Well, damn. Got a new dream and boy is it a doozy.
Taserface tossed me and Rocket into the brig after this blue chick convinced him we were more valuable alive considerin' we had large bounties on our heads. Spent about five seconds feeling sorry for myself 'fore Rocket tells me Quill is with Ego. Well I can't have that, considerin' I know what Ego really wants from him. So we hatch a plan to bust out.
Only...we gotta rely on the twig (literally a tiny talkin', walkin' little tree thing) to get my other fin as the one on my noggin' is currently busted.
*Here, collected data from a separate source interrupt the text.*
definition jacobi :: "('a \<Rightarrow> 'a) \<Rightarrow> ('a \<Rightarrow> real) \<Rightarrow> ('a \<Rightarrow> real) \<Rightarrow> ('a \<Rightarrow> complex) \<Rightarrow> 'a \<Rightarrow> complex" where
  "jacobi p lam beta v x =
     complex_of_real (lam x) * v (p x) + complex_of_real (beta x) * v x
     + (\<Sum>y\<in>{y. p y = x}. complex_of_real (lam y) * v y)"

text \<open>(u,w) = sum over x of u(x) * conj(w(x)); for w finitely supported the sum
is over the support of w.\<close>
definition fin_supp :: "('a \<Rightarrow> complex) \<Rightarrow> bool" where
  "fin_supp v \<longleftrightarrow> finite {x. v x \<noteq> 0}"

definition jform :: "('a \<Rightarrow> 'a) \<Rightarrow> ('a \<Rightarrow> real) \<Rightarrow> ('a \<Rightarrow> real) \<Rightarrow> ('a \<Rightarrow> complex) \<Rightarrow> complex" where
  "jform p lam beta v = (\<Sum>x\<in>{x. v x \<noteq> 0}. jacobi p lam beta v x * cnj (v x))"

end

theory Submission
  imports Defs
begin

text \<open>
Sufficiency: by weighted AM-GM each edge term \<open>2 \<lambda>(x) Re (v(x) cnj v(x'))\<close> is at least
\<open>- \<lambda>(x) (m(x')/m(x)) |v(x)|\<^sup>2 - \<lambda>(x) (m(x)/m(x')) |v(x')|\<^sup>2\<close>. Collecting the second
terms at the parent turns \<open>(Jv,v)\<close> into a sum of
\<open>|v(x)|\<^sup>2/m(x) (\<beta>(x) m(x) - \<lambda>(x) m(x') - \<Sum>\<^bsub>y\<in>N\<^sub>x\<^esub> \<lambda>(y) m(y)) \<ge> 0\<close>.

Necessity: eliminate \<open>J\<close> from the leaves upwards. The pivots
\<open>d(x) = \<beta>(x) - \<Sum>\<^bsub>y\<in>N\<^sub>x\<^esub> \<lambda>(y) r(y)\<close>, with \<open>r(x) = \<lambda>(x) / d(x)\<close>, are defined by
recursion on the level. Each pivot is positive: the vector \<open>w\<close> supported on the finite subtree
below \<open>x\<close> and on \<open>x'\<close>, with \<open>Jw = 0\<close> strictly below \<open>x\<close>, \<open>w(x) = 1\<close> and \<open>w(x') = s\<close>, has
\<open>(Jw,w) = d(x) + 2 \<lambda>(x) s + \<beta>(x') s\<^sup>2\<close>, which is nonnegative for all real \<open>s\<close> only if
\<open>d(x) > 0\<close>. Hence \<open>r > 0\<close>, and prescribing \<open>m(x) / m(x') = r(x)\<close> along the connected tree
gives the solution \<open>m\<close>.
\<close>

lemma sum_parent_eq_sum_children:
  fixes f :: "'a \<Rightarrow> 'a \<Rightarrow> 'b::comm_monoid_add"
  assumes "finite S" and "\<And>y. y \<in> S \<Longrightarrow> p y \<notin> S \<Longrightarrow> f y (p y) = 0"
  shows "(\<Sum>y\<in>S. f y (p y)) = (\<Sum>x\<in>S. \<Sum>y\<in>{y\<in>S. p y = x}. f y x)"
proof -
  have "(\<Sum>x\<in>S. \<Sum>y\<in>{y\<in>S. p y = x}. f y x) = (\<Sum>x\<in>S. \<Sum>y\<in>S. if p y = x then f y x else 0)"
    using assms(1) by (simp add: sum.inter_filter)
  also have "\<dots> = (\<Sum>y\<in>S. \<Sum>x\<in>S. if p y = x then f y x else 0)"
    by (rule sum.swap)
  also have "\<dots> = (\<Sum>y\<in>S. f y (p y))"
    using assms by (auto intro: sum.cong)
  finally show ?thesis by simp
qed

lemma sum_parent_le_sum_children:
  fixes h :: "'a \<Rightarrow> 'a \<Rightarrow> real"
  assumes "finite S" and "\<And>x. finite {y. p y = x}" and "\<And>y x. h y x \<ge> 0"
    and "\<And>y. y \<in> S \<Longrightarrow> p y \<notin> S \<Longrightarrow> h y (p y) = 0"
  shows "(\<Sum>y\<in>S. h y (p y)) \<le> (\<Sum>x\<in>S. \<Sum>y | p y = x. h y x)"
proof -
  have "(\<Sum>y\<in>S. h y (p y)) = (\<Sum>x\<in>S. \<Sum>y\<in>{y\<in>S. p y = x}. h y x)"
    using assms(1,4) by (rule sum_parent_eq_sum_children)
  also have "\<dots> \<le> (\<Sum>x\<in>S. \<Sum>y | p y = x. h y x)"
    using assms(2,3) by (intro sum_mono sum_mono2) auto
  finally show ?thesis .
qed

lemma two_mult_le_weighted_squares:
  fixes a b q :: real
  assumes "q > 0"
  shows "2 * a * b \<le> q * a\<^sup>2 + b\<^sup>2 / q"
proof -
  have "0 \<le> (q * a - b)\<^sup>2 / q"
    using assms by simp
  also have "\<dots> = q * a\<^sup>2 + b\<^sup>2 / q - 2 * a * b"
    using assms by (simp add: field_simps power2_eq_square)
  finally show ?thesis by simp
qed

lemma quadratic_nonneg_imp_const_pos:
  fixes c l b :: real
  assumes "l > 0" and nonneg: "\<And>s. c + 2 * l * s + b * s\<^sup>2 \<ge> 0"
  shows "c > 0"
proof (rule ccontr)
  assume "\<not> c > 0"
  define t where "t = \<bar>b\<bar> + 1"
  have "t > 0" "b \<le> t - 1"
    by (auto simp: t_def)
  have "0 \<le> t\<^sup>2 * (c + 2 * l * (- l / t) + b * (- l / t)\<^sup>2)"
    by (intro mult_nonneg_nonneg zero_le_power2 nonneg)
  also have "\<dots> = c * t\<^sup>2 - l\<^sup>2 * t + (b - t) * l\<^sup>2"
    using \<open>t > 0\<close> by (simp add: field_simps power2_eq_square)
  also have "\<dots> < 0"
  proof -
    have "c * t\<^sup>2 \<le> 0" using \<open>\<not> c > 0\<close> by (simp add: mult_nonpos_nonneg)
    moreover have "(b - t) * l\<^sup>2 \<le> 0" using \<open>b \<le> t - 1\<close> by (simp add: mult_nonpos_nonneg)
    moreover have "l\<^sup>2 * t > 0" using \<open>l > 0\<close> \<open>t > 0\<close> by simp
    ultimately show ?thesis by linarith
  qed
  finally show False by simp
qed
lemma continuous_on_x_ln_x: "b \<ge> 0 \<Longrightarrow> continuous_on {0..b} (\<lambda>t::real. t * ln t)"
proof (cases "b = 0")
  case False
  assume "b \<ge> 0"
  with False have b: "b > 0" by simp
  show ?thesis
  proof (rule continuous_on_IccI)
    show "((\<lambda>t::real. t * ln t) \<longlongrightarrow> 0 * ln 0) (at_right 0)"
      by simp real_asymp
    show "((\<lambda>t::real. t * ln t) \<longlongrightarrow> b * ln b) (at_left b)"
      using b by (intro tendsto_intros filterlim_at_left_to_right[THEN iffD2] tendsto_at_left_sequentially)
        (auto intro!: tendsto_eq_intros)
  qed (use b in \<open>auto intro!: continuous_intros tendsto_eq_intros\<close>)
qed simp

lemma has_integral_ln:
  fixes y :: real
  assumes "y \<ge> 0"
  shows "(ln has_integral (y * ln y - y)) {0..y}"
proof -
  have "(ln has_integral ((y * ln y - y) - (0 * ln 0 - 0))) {0..y}"
  proof (rule fundamental_theorem_of_calculus_interior)
    show "continuous_on {0..y} (\<lambda>t. t * ln t - t)"
      using assms by (intro continuous_on_add continuous_on_diff continuous_on_x_ln_x)
                   (auto intro!: continuous_intros)
    show "((\<lambda>t. t * ln t - t) has_vector_derivative ln x) (at x)" if "x \<in> {0<..<y}" for x
      using that unfolding has_real_derivative_iff_has_vector_derivative[symmetric]
      by (auto intro!: derivative_eq_intros)
  qed (use assms in auto)
  then show ?thesis by simp
qed

lemma isCont_ln_Gamma_real:
  fixes t :: real
  assumes "t > 0"
  shows "isCont (\<lambda>t. ln (Gamma t)) t"
proof -
  have "eventually (\<lambda>s. s \<in> {0<..}) (nhds t)"
    using assms by (intro eventually_nhds_in_open) auto
  then have ev: "eventually (\<lambda>s. ln_Gamma s = ln (Gamma s)) (nhds t)"
    by (rule eventually_mono) (auto intro!: ln_Gamma_real_pos)
  moreover have "isCont ln_Gamma t"
    using assms by (intro DERIV_isCont derivative_eq_intros) auto
  ultimately show ?thesis
    using isCont_cong[OF ev] by simp
qed

lemma continuous_on_ln_Gamma_plus1: "continuous_on {0..b} (\<lambda>t::real. ln (Gamma (t + 1)))"
  by (intro continuous_at_imp_continuous_on ballI continuous_intros
        isCont_o2[OF _ isCont_ln_Gamma_real]) auto

lemma ln_Gamma_plus1_real:
  fixes t :: real
  assumes "t > 0"
  shows "ln (Gamma (t + 1)) = ln t + ln (Gamma t)"
proof -
  have "t \<notin> \<int>\<^sub>\<le>\<^sub>0"
    using assms by (auto elim!: nonpos_Ints_cases)
  then have "Gamma (t + 1) = t * Gamma t"
    by (rule Gamma_plus1)
  then show ?thesis
    using assms by (simp add: ln_mult_pos)
qed

text \<open>Integrating \<open>ln \<Gamma>(t + 1)\<close> instead of \<open>ln \<Gamma>(t)\<close> moves the logarithmic singularity at
  \<open>0\<close> into the explicit term \<open>y ln y\<close>.\<close>

lemma lnKinkelin_eq_integral_ln_Gamma_plus1:
  fixes y :: real
  assumes "y \<ge> 0"
  shows "lnKinkelin y = integral {0..y} (\<lambda>t. ln (Gamma (t + 1))) - y * ln y + y
                        + y * (y - 1) / 2 - y / 2 * ln (2 * pi)"
proof -
  let ?I = "integral {0..y} (\<lambda>t. ln (Gamma (t + 1)))"
  have "((\<lambda>t. ln (Gamma (t + 1)) - ln t) has_integral (?I - (y * ln y - y))) {0..y}"
    using assms by (intro has_integral_diff has_integral_ln integrable_integral
                      integrable_continuous_real continuous_on_ln_Gamma_plus1)
  then have "((\<lambda>t. ln (Gamma t)) has_integral (?I - (y * ln y - y))) {0..y}"
    by (rule has_integral_spike_finite[where S = "{0}", rotated 2]) (auto simp: ln_Gamma_plus1_real)
  then show ?thesis
    unfolding lnKinkelin_def by (simp add: integral_unique)
qed

lemma lnKinkelin_has_real_derivative:
  fixes y :: real
  assumes "y > 0"
  shows "(lnKinkelin has_real_derivative (ln (Gamma y) + y - 1 / 2 - ln (2 * pi) / 2)) (at y)"
proof -
  have "((\<lambda>x. integral {0..x} (\<lambda>t. ln (Gamma (t + 1)))) has_real_derivative ln (Gamma (y + 1)))
          (at y within {0..y + 1})"
    using assms by (intro integral_has_real_derivative continuous_on_ln_Gamma_plus1) auto
  moreover have "at y within {0..y + 1} = at y"
    using assms by (intro at_within_interior) (simp add: interior_atLeastAtMost_real)
  ultimately have "((\<lambda>y. integral {0..y} (\<lambda>t. ln (Gamma (t + 1))) - y * ln y + y
                        + y * (y - 1) / 2 - y / 2 * ln (2 * pi))
      has_real_derivative (ln (Gamma (y + 1)) - (ln y + 1) + 1 + (y - 1 / 2) - ln (2 * pi) / 2)) (at y)"
    using assms by (auto intro!: derivative_eq_intros simp: field_simps)
  then have "(lnKinkelin has_real_derivative (ln (Gamma (y + 1)) - (ln y + 1) + 1 + (y - 1 / 2) - ln (2 * pi) / 2)) (at y)"
    by (rule has_field_derivative_transform_within_open[of _ _ _ "{0<..}"])
       (use assms lnKinkelin_eq_integral_ln_Gamma_plus1 in auto)
  then show ?thesis
    using ln_Gamma_plus1_real[OF assms] by (simp add: algebra_simps)
qed

lemma continuous_on_lnKinkelin:
  assumes "b \<ge> 0"
  shows "continuous_on {0..b} lnKinkelin"
proof -
  have "continuous_on {0..b} (\<lambda>y. integral {0..y} (\<lambda>t. ln (Gamma (t + 1))))"
    by (intro indefinite_integral_continuous_1 integrable_continuous_real continuous_on_ln_Gamma_plus1)
  then have "continuous_on {0..b} (\<lambda>y. integral {0..y} (\<lambda>t. ln (Gamma (t + 1))) - y * ln y + y
                                  + y * (y - 1) / 2 - y / 2 * ln (2 * pi))"
    using assms by (intro continuous_on_add continuous_on_diff continuous_on_x_ln_x)
                   (auto intro!: continuous_intros)
  then show ?thesis
    by (rule continuous_on_cong[THEN iffD1, rotated 2])
       (auto simp: lnKinkelin_eq_integral_ln_Gamma_plus1)
qed

definition Kinkelin_mult_defect :: "nat \<Rightarrow> real \<Rightarrow> real" where
  "Kinkelin_mult_defect n x = lnKinkelin (real n * x) - real n * (\<Sum>j<n. lnKinkelin (x + real j / real n))
                              - ln (real n) * (real n * x * (real n * x - 1) / 2)"

definition Kinkelin_mult_slope :: "nat \<Rightarrow> real" where
  "Kinkelin_mult_slope n =
     real n * (real n - 1) / 2 * ln (2 * pi) + real n / 2 * ln (real n) - real n * ln_Gauss_const n"

lemma sum_of_nat_lessThan: "(\<Sum>j<n. real j) = real n * (real n - 1) / 2"
  by (induction n) (auto simp: field_simps)

lemma Kinkelin_mult_defect_deriv:
  assumes n: "n \<ge> 1" and x: "x > 0"
  shows "(Kinkelin_mult_defect n has_real_derivative Kinkelin_mult_slope n) (at x)"
proof -
  define c where "c = ln (2 * pi)"
  define l where "l = ln (real n)"
  have pos: "x + real j / real n > 0" for j
    using x by (auto intro!: add_pos_nonneg)
  have "(Kinkelin_mult_defect n has_real_derivative
          (ln (Gamma (real n * x)) + real n * x - 1 / 2 - c / 2) * real n
          - real n * (\<Sum>j<n. ln (Gamma (x + real j / real n)) + (x + real j / real n) - 1 / 2 - c / 2)
          - l * (real n * real n * x - real n / 2)) (at x)"
    unfolding Kinkelin_mult_defect_def[abs_def] l_def c_def
    using n x pos
    by (auto intro!: derivative_eq_intros DERIV_chain2[OF lnKinkelin_has_real_derivative]
             simp: field_simps)
  also have "(\<Sum>j<n. ln (Gamma (x + real j / real n)) + (x + real j / real n) - 1 / 2 - c / 2) =
               (\<Sum>j<n. ln (Gamma (x + real j / real n))) + real n * (x - 1 / 2 - c / 2) + (\<Sum>j<n. real j) / real n"
    by (simp add: sum.distrib sum_subtractf sum_divide_distrib algebra_simps)
  also have "(ln (Gamma (real n * x)) + real n * x - 1 / 2 - c / 2) * real n
          - real n * ((\<Sum>j<n. ln (Gamma (x + real j / real n)))
                      + real n * (x - 1 / 2 - c / 2) + (\<Sum>j<n. real j) / real n)
          - l * (real n * real n * x - real n / 2) = Kinkelin_mult_slope n"
    unfolding Kinkelin_mult_slope_def sum_ln_Gamma_mult[OF n x] sum_of_nat_lessThan c_def l_def
    using n by (simp add: field_simps)
  finally show ?thesis .
qed

lemma Kinkelin_mult_defect_affine:
  assumes "n \<ge> 1"
  shows "\<exists>a. \<forall>x>0. Kinkelin_mult_defect n x = a + Kinkelin_mult_slope n * x"
proof -
  have "\<exists>a. \<forall>x\<in>{0<..}. Kinkelin_mult_defect n x - Kinkelin_mult_slope n * x = a"
  proof (rule has_field_derivative_zero_constant)
    fix x :: real
    assume "x \<in> {0<..}"
    then have "((\<lambda>x. Kinkelin_mult_defect n x - Kinkelin_mult_slope n * x) has_real_derivative
                 Kinkelin_mult_slope n - Kinkelin_mult_slope n * 1) (at x)"
      using assms by (intro DERIV_diff Kinkelin_mult_defect_deriv DERIV_cmult DERIV_ident) auto
    then show "((\<lambda>x. Kinkelin_mult_defect n x - Kinkelin_mult_slope n * x) has_real_derivative 0)
                 (at x within {0<..})"
      by (simp add: has_field_derivative_at_within)
  qed simp
  then show ?thesis
    by (metis diff_add_cancel greaterThan_iff add.commute)
qed

lemma lnKinkelin_plus1_diff_const: "\<exists>d. \<forall>y>0. lnKinkelin (y + 1) - lnKinkelin y - y * ln y = d"
proof -
  have "\<exists>d. \<forall>y\<in>{0<..}. lnKinkelin (y + 1) - lnKinkelin y - y * ln y = d"
  proof (rule has_field_derivative_zero_constant)
    fix y :: real
    assume "y \<in> {0<..}"
    then have y: "y > 0" by simp
    then have "((\<lambda>y. lnKinkelin (y + 1) - lnKinkelin y - y * ln y) has_real_derivative
        (ln (Gamma (y + 1)) + (y + 1) - 1 / 2 - ln (2 * pi) / 2)
        - (ln (Gamma y) + y - 1 / 2 - ln (2 * pi) / 2) - (ln y + 1)) (at y)"
      by (auto intro!: derivative_eq_intros lnKinkelin_has_real_derivative
                       DERIV_chain2[OF lnKinkelin_has_real_derivative])
    then show "((\<lambda>y. lnKinkelin (y + 1) - lnKinkelin y - y * ln y) has_real_derivative 0) (at y within {0<..})"
      using ln_Gamma_plus1_real[OF y] by (simp add: has_field_derivative_at_within)
  qed simp
  then show ?thesis by auto
qed

lemma sum_shift_by_inverse:
  fixes f :: "real \<Rightarrow> 'a :: ab_group_add"
  assumes "n \<ge> 1"
  shows "(\<Sum>j<n. f (x + 1 / real n + real j / real n)) = (\<Sum>j<n. f (x + real j / real n)) + (f (x + 1) - f x)"
proof -
  define g where "g j = f (x + real j / real n)" for j
  have "(\<Sum>j<n. f (x + 1 / real n + real j / real n)) = (\<Sum>j<n. g (Suc j))"
    unfolding g_def by (intro sum.cong) (auto simp: add_divide_distrib algebra_simps)
  also have "\<dots> = (\<Sum>j<n. g j) + (g n - g 0)"
    using sum_lessThan_telescope[of g n] by (simp add: sum_subtractf) (metis add.commute diff_add_cancel)
  finally show ?thesis
    unfolding g_def using assms by simp
qed

lemma Kinkelin_mult_defect_shift:
  assumes n: "n \<ge> 1" and x: "x > 0"
    and d: "\<forall>y>0. lnKinkelin (y + 1) - lnKinkelin y - y * ln y = d"
  shows "Kinkelin_mult_defect n (x + 1 / real n) = Kinkelin_mult_defect n x + d * (1 - real n)"
proof -
  have "real n * (x + 1 / real n) = real n * x + 1"
    using n by (simp add: field_simps)
  moreover have "real n * x > 0"
    using n x by simp
  ultimately have "lnKinkelin (real n * (x + 1 / real n)) = lnKinkelin (real n * x) + real n * x * ln (real n * x) + d"
    using d by force
  moreover have "lnKinkelin (x + 1) - lnKinkelin x = x * ln x + d"
    using d x by force
  moreover have "ln (real n * x) = ln (real n) + ln x"
    using n x by (simp add: ln_mult_pos)
  ultimately show ?thesis
    unfolding Kinkelin_mult_defect_def sum_shift_by_inverse[OF n]
    using n by (simp add: field_simps)
qed

lemma Kinkelin_mult_slope_eq:
  assumes n: "n \<ge> 1"
    and d: "\<forall>y>0. lnKinkelin (y + 1) - lnKinkelin y - y * ln y = d"
  shows "Kinkelin_mult_slope n = real n * d * (1 - real n)"
proof -
  obtain a where a: "\<forall>x>0. Kinkelin_mult_defect n x = a + Kinkelin_mult_slope n * x"
    using Kinkelin_mult_defect_affine[OF n] by blast
  have "(1::real) + 1 / real n > 0"
    by (intro add_pos_nonneg) auto
  then have "a + Kinkelin_mult_slope n * (1 + 1 / real n) = a + Kinkelin_mult_slope n * 1 + d * (1 - real n)"
    using Kinkelin_mult_defect_shift[OF n _ d, of 1] a by simp
  then show ?thesis
    using n by (simp add: field_simps)
qed

lemma ln_Gauss_const_2: "ln_Gauss_const 2 = ln (sqrt pi) + ln 2"
proof -
  have "(1 / 2 :: real) \<notin> \<int>\<^sub>\<le>\<^sub>0"
    by (auto elim!: nonpos_Ints_cases)
  then have "Gamma (1 / 2 + 1 :: real) = 1 / 2 * Gamma (1 / 2)"
    by (rule Gamma_plus1)
  then have Gamma_3_2: "Gamma (3 / 2 :: real) = sqrt pi / 2"
    by (simp add: Gamma_one_half_real)
  have "ln (Gamma (3 / 2 :: real)) = ln (sqrt pi) - ln 2"
    unfolding Gamma_3_2 by (simp add: ln_divide_pos)
  moreover have "Gamma (2 :: real) = 1"
    using Gamma_fact[of 1, where 'a = real] by simp
  ultimately show ?thesis
    unfolding ln_Gauss_const_def by (simp add: numeral_2_eq_2)
qed
(* With notation as in the context, for all $X,Y\in\zeta_s^+(V_0)$ and all $u\in V_0$, $$\int_{V_0}\gamma_X(u-v)\,\gamma_Y(v)\,e^{-\mathrm{i}\,\mathfrak{Im}\langle u,sv\rangle}\,d\mathrm{vol}(v)=\gamma_{X\circ Y}(u),$$ where $X\circ Y=(Y+s)(X+Y)^{-1}(X+s)-s$; the integral converges absolutely.
   Context: $V_0=V_0^+\oplus V_0^-$ is an orthogonal decomposition of a finite-dimensional complex Hermitian space with scalar product $\langle\cdot,\cdot\rangle$ (antilinear in the first argument), $s=\mathrm{Id}_{V_0^+}\oplus(-\mathrm{Id}_{V_0^-})$, $\zeta_s^+(V_0)=\{X\in\mathrm{End}(V_0):\tfrac12(X+X^\dagger)>0,\ \mathrm{Det}(X+s)\ne0\}$. For $X\in\zeta_s^+(V_0)$, $\gamma_X(v)=\mathrm{Det}(X+s)\,e^{-\frac12\langle v,Xv\rangle}$. $d\mathrm{vol}$ is Lebesgue measure on $V_0$ (viewed as a real vector space) normalized by $\int_{V_0}e^{-\frac12\langle v,v\rangle}d\mathrm{vol}(v)=1$. *)

theory Defs
  imports "HOL-Analysis.Analysis"
begin

text \<open>The Hermitian space V_0 is modelled as complex^'n with the standard scalar product,
  antilinear in the first argument. The orthogonal decomposition V_0 = V_0^+ (+) V_0^- is
  given by a set P of coordinates spanning V_0^+ (the rest span V_0^-).\<close>

definition herm :: "complex^'n \<Rightarrow> complex^'n \<Rightarrow> complex" where
  "herm v w = (\<Sum>i\<in>UNIV. cnj (v $ i) * w $ i)"

definition adj :: "complex^'n^'n \<Rightarrow> complex^'n^'n" where
  "adj X = (\<chi> i j. cnj (X $ j $ i))"

definition sgnmat :: "'n set \<Rightarrow> complex^'n^'n" where
  "sgnmat P = (\<chi> i j. if i = j then (if i \<in> P then 1 else -1) else 0)"

definition posdef :: "complex^'n^'n \<Rightarrow> bool" where
  "posdef H \<longleftrightarrow> adj H = H \<and> (\<forall>v. v \<noteq> 0 \<longrightarrow> Im (herm v (H *v v)) = 0 \<and> Re (herm v (H *v v)) > 0)"

definition zeta_plus :: "'n set \<Rightarrow> (complex^'n^'n) set" where
  "zeta_plus P = {X. posdef ((1/2) *\<^sub>R (X + adj X)) \<and> det (X + sgnmat P) \<noteq> 0}"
Stupid little guy kept bringin' the wrong stuff like he don't understand a damn thing we're sayin'. I can't even say some of the things he found that
weren't my fin. Finally Kraglin, my former crewmate, rolls up with my fin and blubbers some apology about how he didn't mean to start a mutiny. Yeah, well, stupid is as stupid does. Still, I ain't about to kill the only member of my crew left that actually gives a damn about me.
So out we go, struttin' out of the jail cell and down the corridors of my ship and I whistle the hell outta my Yaka arrow. I take out every single one of those bastards. I don't even need to
see 'em to get 'em. It was a damned fine light show! I saved the best trick for last: I blew up half my ship - with Taserface in it.
Karma's a bitch, you dumb, ugly bastard.